Chinese-owned online retailer Temu sued rival Shein in the US, alleging it violated antitrust laws by using threats and intimidation to block clothing manufacturers from working with the fast-rising upstart.
(Bloomberg) — Chinese-owned online retailer Temu sued rival Shein in the US, alleging it violated antitrust laws by using threats and intimidation to block clothing manufacturers from working with the fast-rising upstart.
Shein and Temu, owned by PDD Holdings Inc., are two of the rising powers in online retail, a growing threat to the likes of H&M and Zara. The lawsuit offers a rare glimpse into the business models of the two secretive companies — and their fierce competitive practices.
Shein has grabbed more than 75% of the US “ultra fast-fashion” market since entering the market in 2017, according to the suit.

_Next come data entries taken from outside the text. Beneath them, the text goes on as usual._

lemma phase_bounded_oscillation:
  assumes "i \<in> {1..N}" "0 < \<alpha>" "\<alpha> < pi" and S_per: "\<And>x. S (x + 2 * pi) = S x"
    and S_\<alpha>: "S \<alpha> \<le> - s" "s \<le> S (- \<alpha>)" and "0 \<le> s" "0 \<le> \<rho>"
    and \<omega>_le: "\<bar>\<omega> i\<bar> \<le> \<kappa> * \<rho> * s"
    and R_ge: "\<And>t. 0 \<le> t \<Longrightarrow> \<rho> \<le> R t"
  shows "bdd_above (\<theta> i ` {0..}) \<and> bdd_below (\<theta> i ` {0..}) \<and>
    (SUP t\<in>{0..}. \<theta> i t) - (INF t\<in>{0..}. \<theta> i t) < 2 * pi"
proof -
  interpret periodic_fun_simple S "2 * pi"
    by unfold_locales (rule S_per)
  have drift: "\<omega> i + \<kappa> * R u * S (\<alpha> + of_int k * (2 * pi)) \<le> 0"
    "0 \<le> \<omega> i + \<kappa> * R u * S (- \<alpha> + of_int k * (2 * pi))" if "0 \<le> u" for u k
  proof -
    have a: "0 \<le> \<kappa> * \<rho>" "\<kappa> * \<rho> \<le> \<kappa> * R u"
      using \<kappa>_nonneg \<open>0 \<le> \<rho>\<close> R_ge[OF that] by (simp_all add: mult_left_mono)
    show "\<omega> i + \<kappa> * R u * S (\<alpha> + of_int k * (2 * pi)) \<le> 0"
      unfolding plus_of_int by (rule restoring_drift_le[OF S_\<alpha>(1) \<open>0 \<le> s\<close> a \<omega>_le])
    show "0 \<le> \<omega> i + \<kappa> * R u * S (- \<alpha> + of_int k * (2 * pi))"
      unfolding plus_of_int by (rule restoring_drift_ge[OF S_\<alpha>(2) \<open>0 \<le> s\<close> a \<omega>_le])
  qed
  have "\<exists>a b. b - a < 2 * pi \<and> (\<forall>t\<ge>0. a \<le> \<theta> i t \<and> \<theta> i t \<le> b)"
  proof (rule oscillation_between_periodic_barriers[OF continuous_on_phase[OF \<open>i \<in> {1..N}\<close>] \<open>0 < \<alpha>\<close> \<open>\<alpha> < pi\<close>])
    show "upper_barrier (\<theta> i) (\<alpha> + of_int k * (2 * pi))"
      and "lower_barrier (\<theta> i) (- \<alpha> + of_int k * (2 * pi))" for k
      unfolding upper_barrier_def lower_barrier_def
      using phase_upper_barrier[OF \<open>i \<in> {1..N}\<close>] phase_lower_barrier[OF \<open>i \<in> {1..N}\<close>] drift
      by (meson order_trans)+
  qed
  then show ?thesis
    using SUP_minus_INF_less[of "{0..}" a "\<theta> i" b "2 * pi" for a b] by auto
qed

lemma coherent_group_confined:
  assumes "A \<subseteq> {1..N}" "0 \<le> p" "0 \<le> c1" "0 \<le> \<rho>" "0 < c3"
    and S_right: "\<And>x. \<alpha>0 \<le> x \<Longrightarrow> x \<le> pi \<Longrightarrow> S x \<le> - c1 * (pi - x) powr p"
    and S_left: "\<And>x. - pi \<le> x \<Longrightarrow> x \<le> - \<alpha>0 \<Longrightarrow> S x \<ge> c1 * (x + pi) powr p"
    and I_min: "\<And>x \<phi>. - pi \<le> x \<Longrightarrow> x \<le> pi \<Longrightarrow> \<bar>\<phi>\<bar> \<le> max \<bar>x\<bar> \<alpha>0 \<Longrightarrow> I \<phi> \<ge> c3 * I x"
    and mass: "1 / real N * (\<Sum>i\<in>A. I (\<theta> i 0)) > \<rho> / c3"
    and d: "0 \<le> d" "d \<le> pi - \<alpha>0"
    and \<omega>_le: "\<And>i. i \<in> A \<Longrightarrow> \<bar>\<omega> i\<bar> \<le> \<kappa> * \<rho> * c1 * d powr p"
    and init: "\<And>i. i \<in> A \<Longrightarrow> - pi + d \<le> \<theta> i 0 \<and> \<theta> i 0 \<le> pi - d"
    and "0 \<le> t"
  shows "\<rho> < R t \<and> (\<forall>i\<in>A. - pi + d \<le> \<theta> i t \<and> \<theta> i t \<le> pi - d)"
proof -
  \<comment> \<open>inside [-m i, m i] the hypothesis on I keeps I (\<theta> i t) above c3 * I (\<theta> i 0)\<close>
  define m where "m i = max \<bar>\<theta> i 0\<bar> \<alpha>0" for i
  have m: "\<alpha>0 \<le> m i" "m i \<le> pi - d" "\<bar>\<theta> i 0\<bar> \<le> m i" if "i \<in> A" for i
    using init[OF that] d by (auto simp: m_def)
  have coherent: "\<rho> < R t" if "\<forall>i\<in>A. \<bar>\<theta> i t\<bar> \<le> m i" for t
    unfolding R_def using d that
    by (intro mean_gt_of_shrunk_phases[OF I_nonneg I_min \<open>0 < c3\<close> \<open>A \<subseteq> {1..N}\<close> mass])
      (auto simp: m_def dest: init)
  have drift: "\<omega> i + \<kappa> * r * S (m i) \<le> 0 \<and> 0 \<le> \<omega> i + \<kappa> * r * S (- m i)"
    if "i \<in> A" "\<rho> \<le> r" for i r
  proof -
    have "c1 * d powr p \<le> c1 * (pi - m i) powr p"
      using m[OF \<open>i \<in> A\<close>] d \<open>0 \<le> p\<close> \<open>0 \<le> c1\<close> by (intro mult_left_mono powr_mono2) auto
    then have "S (m i) \<le> - (c1 * d powr p)" "c1 * d powr p \<le> S (- m i)"
      using S_right[of "m i"] S_left[of "- m i"] m[OF \<open>i \<in> A\<close>] d by auto
    moreover have "\<bar>\<omega> i\<bar> \<le> (\<kappa> * \<rho>) * (c1 * d powr p)"
      using \<omega>_le[OF \<open>i \<in> A\<close>] by (simp add: mult.assoc)
    ultimately show ?thesis
      using \<kappa>_nonneg \<open>0 \<le> c1\<close> \<open>0 \<le> \<rho>\<close> \<open>\<rho> \<le> r\<close>
      by (intro conjI restoring_drift_le restoring_drift_ge) (auto intro: mult_left_mono)
  qed
  have "\<forall>i\<in>A. \<bar>\<theta> i t\<bar> \<le> m i"
    using phase_confinement[OF \<open>A \<subseteq> {1..N}\<close> m(3) coherent drift \<open>0 \<le> t\<close>] by blast
  then show ?thesis
    using coherent m(2) by (force simp: abs_le_iff)
qed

After Temu entered the US in 2022, Shein responded by forcing clothing manufacturers into supply arrangements that excluded Temu, the suit alleged.
“Shein has engaged in a campaign of threats, intimidation, false assertions of infringement, and attempts to impose baseless punitive fines and has forced exclusive dealing arrangements on clothing manufacturers,” according to Temu’s complaint filed July 14 with the US District Court for the District of Massachusetts.
The allegations come after Shein sued Temu in the US, alleging trademark and copyright infringement as well as “false and deceptive business practices.”
In a separate statement, Temu explained why it is taking action now.
“For a long time, we have exercised significant restraint and refrained from pursuing legal actions. However, Shein’s escalating attacks leave us no choice but to take legal measures to defend our rights and the rights of those merchants doing business on Temu, as well as the consumers’ rights to a wide variety of affordable products,” the company said.
Shein led the way in pioneering ultra fast-fashion, offering consumers the latest fashion products at bargain prices, with shirts and swimsuits as low as $2. That helped the company become one of the most successful startups in the world, with a valuation of $66 billion, according to the market research firm CB Insights.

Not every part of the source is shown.